Items listed in a dataset
---+---

lemma algebraic_int_add:
  fixes x y :: complex
  assumes "algebraic_int x" "algebraic_int y"
  shows "algebraic_int (x + y)"
proof -
  obtain p where p: "poly (map_poly of_int p) x = 0" "lead_coeff p = 1"
    using assms(1) unfolding algebraic_int_altdef_ipoly by blast
  obtain q where q: "poly (map_poly of_int q) y = 0" "lead_coeff q = 1"
    using assms(2) unfolding algebraic_int_altdef_ipoly by blast
  define S where "S = {..<degree p} \<times> {..<degree q}"
  define v where "v = (\<lambda>(i, j). x ^ i * y ^ (j::nat))"
  have fin: "finite S" by (simp add: S_def)
  have left: "z * y ^ j \<in> int_span v S"
    if z: "z \<in> int_span (\<lambda>k. x ^ k) {..<degree p}" and j: "j < degree q" for z j
  proof -
    obtain c where "z = (\<Sum>k<degree p. of_int (c k) * x ^ k)"
      using z unfolding int_span_iff by blast
    then have "z * y ^ j = (\<Sum>k<degree p. of_int (c k) * v (k, j))"
      by (simp add: sum_distrib_right v_def mult.assoc)
    also have "\<dots> \<in> int_span v S"
      using j by (intro int_span_sum int_span_mult_of_int int_span_generator fin) (auto simp: S_def)
    finally show ?thesis .
  qed
  have right: "x ^ i * z \<in> int_span v S"
    if z: "z \<in> int_span (\<lambda>k. y ^ k) {..<degree q}" and i: "i < degree p" for z i
  proof -
    obtain c where "z = (\<Sum>k<degree q. of_int (c k) * y ^ k)"
      using z unfolding int_span_iff by blast
    then have "x ^ i * z = (\<Sum>k<degree q. of_int (c k) * v (i, k))"
      by (simp add: sum_distrib_left v_def mult.left_commute)
    also have "\<dots> \<in> int_span v S"
      using i by (intro int_span_sum int_span_mult_of_int int_span_generator fin) (auto simp: S_def)
    finally show ?thesis .
  qed
  show ?thesis
  proof (rule algebraic_int_if_mult_closed_int_span[OF fin, of "(0, 0)" v])
    show "(0, 0) \<in> S"
      using degree_pos_if_monic_root[OF p] degree_pos_if_monic_root[OF q] by (simp add: S_def)
    show "v (0, 0) \<noteq> 0" by (simp add: v_def)
    fix s assume "s \<in> S"
    then obtain i j where s: "s = (i, j)" "i < degree p" "j < degree q" by (auto simp: S_def)
    have "(x + y) * v s = x ^ Suc i * y ^ j + x ^ i * y ^ Suc j"
      by (simp add: s v_def algebra_simps)
    also have "\<dots> \<in> int_span v S"
      by (intro int_span_add left right s power_in_int_span_if_monic_root p q)
    finally show "(x + y) * v s \<in> int_span v S" .
  qed
qed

---+---

What lines of the data contain the string "obtain"? List them.

  obtain p where p: "poly (map_poly of_int p) x = 0" "lead_coeff p = 1"
  obtain q where q: "poly (map_poly of_int q) y = 0" "lead_coeff q = 1"
    obtain c where "z = (\<Sum>k<degree p. of_int (c k) * x ^ k)"
    obtain c where "z = (\<Sum>k<degree q. of_int (c k) * y ^ k)"
    then obtain i j where s: "s = (i, j)" "i < degree p" "j < degree q" by (auto simp: S_def)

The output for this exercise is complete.